[[ Information supplied, beginning ]]

theorem proposition6p1:
  fixes a b c d e :: int
  assumes "a \<noteq> 0" "b \<noteq> 0" "c \<noteq> 0" "d \<noteq> 0" "e \<noteq> 0"
    and "[a = 0] (mod 7)" "[b = -1] (mod 7)" "[c = 1] (mod 7)" "[d = 1] (mod 7)" "[e = 4] (mod 7)"
    and "markoffK3_smooth a b c d e"
    and "markoffK3_nondegenerate a b c d e"
  shows "\<not> markoffK3_U_zariski_dense a b c d e (markoffK3_int_points a b c d e)"
proof -
  define p where "p = int_window_poly (markoffK3_coord_bound b c d e)"
  define G where "G = (\<lambda>i j k. coeff p i * coeff p j * coeff p k)"
  let ?P = "poly (map_poly of_rat p) :: complex \<Rightarrow> complex"
  have P_eq_0_iff: "?P x = 0 \<longleftrightarrow> (\<exists>v. \<bar>v\<bar> \<le> markoffK3_coord_bound b c d e \<and> x = of_int v)" for x
    unfolding p_def by (rule poly_int_window_poly_eq_0_iff)
  have G_eval: "poly3_eval (degree p) G x y z = ?P x * ?P y * ?P z" for x y z :: complex
    unfolding G_def by (rule poly3_eval_product)
  have vanishes: "poly3_eval (degree p) G x y z = 0"
    if "(x, y, z) \<in> markoffK3_int_points a b c d e" for x y z
  proof -
    from that obtain x' y' z' :: int where "x = of_int x'" "y = of_int y'" "z = of_int z'"
      and "markoffK3_aff a b c d e x' y' z' = 0"
      unfolding markoffK3_int_points_def by blast
    with markoffK3_int_solution_small_coordinate[OF \<open>a \<noteq> 0\<close>]
    have "?P x = 0 \<or> ?P y = 0 \<or> ?P z = 0" by (auto simp: P_eq_0_iff)
    then show ?thesis by (auto simp: G_eval)
  qed
  obtain z where on_U: "markoffK3_aff a b c d e (7/2) (7/2) z = (0::complex)"
    using markoffK3_aff_solvable_in_z[OF \<open>c \<noteq> 0\<close>] by fastforce
  have "?P (7/2) \<noteq> 0"
  proof
    assume "?P (7/2) = 0"
    then obtain v where "(7/2 :: complex) = of_int v" by (auto simp: P_eq_0_iff)
    then have "(of_int (2 * v) :: complex) = of_int 7" by (simp add: field_simps)
    then have "2 * v = 7" by (simp only: of_int_eq_iff)
    then show False by presburger
  qed
  moreover have "?P z \<noteq> 0"
  proof
    assume "?P z = 0"
    then obtain v where "z = of_int v" by (auto simp: P_eq_0_iff)
    with on_U markoffK3_aff_seven_halves_int_ne_zero[OF \<open>[d = 1] (mod 7)\<close> \<open>[e = 4] (mod 7)\<close>]
    show False by blast
  qed
  ultimately have "poly3_eval (degree p) G (7/2) (7/2) z \<noteq> 0" by (simp add: G_eval)
  with vanishes on_U show ?thesis
    unfolding markoffK3_U_zariski_dense_def by blast
qed

end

[[ Information supplied, end ]]

Brief: How many lines in these entries contain the string "unfolding"? State the number and nothing more.

Output of the task: 4